Start of DATASET ENTRIES
(* Let $a<b$ be real numbers, $f\in L^1(a,b)$, let $r_1,\dots,r_n\in\mathbb{Q}^+\cup\{0\}$ be pairwise distinct and $c_1,\dots,c_n\in\mathbb{C}$ not all zero. Then the fractional integral equation $$c_1I_{a^+}^{r_1}x+c_2I_{a^+}^{r_2}x+\dots+c_nI_{a^+}^{r_n}x=f$$ has at most one solution $x\in L^1(a,b)$.
   Context: For $\alpha>0$ and $g\in L^1(a,b)$, the left Riemann–Liouville fractional integral is $(I_{a^+}^{\alpha}g)(x)=\frac{1}{\Gamma(\alpha)}\int_a^x \frac{g(t)}{(x-t)^{1-\alpha}}\,dt$; $I_{a^+}^0$ is the identity. These operators map $L^1(a,b)$ to itself and satisfy $I_{a^+}^{\alpha}I_{a^+}^{\beta}=I_{a^+}^{\alpha+\beta}$. *)

theory Defs
  imports "HOL-Analysis.Analysis"
begin

definition RL_int :: "real \<Rightarrow> real \<Rightarrow> (real \<Rightarrow> complex) \<Rightarrow> real \<Rightarrow> complex" where
  "RL_int a \<alpha> g x =
     (if \<alpha> = 0 then g x
      else complex_of_real (1 / Gamma \<alpha>) *
           (LINT t:{a<..<x}|lborel. complex_of_real ((x - t) powr (\<alpha> - 1)) * g t))"

end

theory Submission
  imports Defs
begin
(* Let $b,n,c$ be positive integers with $4\leqslant 4b\leqslant n$. For every abelian group $\Gamma$ of order $4nbc$ there exists a diagonal $\mathrm{MRS}_\Gamma(n;4b;c)$.
   Context: For positive integers $m,n,s,k,c$ and an abelian group $\Gamma$ of order $nkc$, an $\mathrm{MRS}_\Gamma(m,n;s,k;c)$ is a set of $c$ partially filled $m\times n$ arrays (some cells may be empty) with entries in $\Gamma$ such that: every element of $\Gamma$ appears exactly once and in a unique array; in every array each row contains exactly $s$ filled cells and each column contains exactly $k$ filled cells; and there exist $\omega,\delta\in\Gamma$ such that in every array each row sum is $\omega$ and each column sum is $\delta$. $\mathrm{MRS}_\Gamma(n;k;c)$ denotes $\mathrm{MRS}_\Gamma(n,n;k,k;c)$. In an $n\times n$ array, for $0\leqslant \ell\leqslant n-1$ the diagonal $D_\ell$ is the set of cells $(i,j)$ with $j-i\equiv \ell\pmod n$. An $\mathrm{MRS}_\Gamma(n;k;c)$ is diagonal if, in each of its arrays, the filled cells are exactly the cells of $k$ consecutive diagonals $D_{t},\ldots,D_{t+k-1}$ (indices modulo $n$). *)

theory Defs
  imports Main
begin

text \<open>A collection of c partially filled m x n arrays with entries in the abelian
  group 'a is modelled as A :: nat => nat => nat => 'a option, where A t i j is the
  content of cell (i,j) (row i < m, column j < n) of the array t < c; None = empty.\<close>

definition filled_row :: "(nat \<Rightarrow> nat \<Rightarrow> nat \<Rightarrow> 'a option) \<Rightarrow> nat \<Rightarrow> nat \<Rightarrow> nat \<Rightarrow> nat set" where
  "filled_row A n t i = {j. j < n \<and> A t i j \<noteq> None}"

definition filled_col :: "(nat \<Rightarrow> nat \<Rightarrow> nat \<Rightarrow> 'a option) \<Rightarrow> nat \<Rightarrow> nat \<Rightarrow> nat \<Rightarrow> nat set" where
  "filled_col A m t j = {i. i < m \<and> A t i j \<noteq> None}"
End of DATASET ENTRIES
YOUR TASK>
Return, from the data, each line that has the word "None" in it.

TASK ANSWER>
  content of cell (i,j) (row i < m, column j < n) of the array t < c; None = empty.\<close>
  "filled_row A n t i = {j. j < n \<and> A t i j \<noteq> None}"
  "filled_col A m t j = {i. i < m \<and> A t i j \<noteq> None}"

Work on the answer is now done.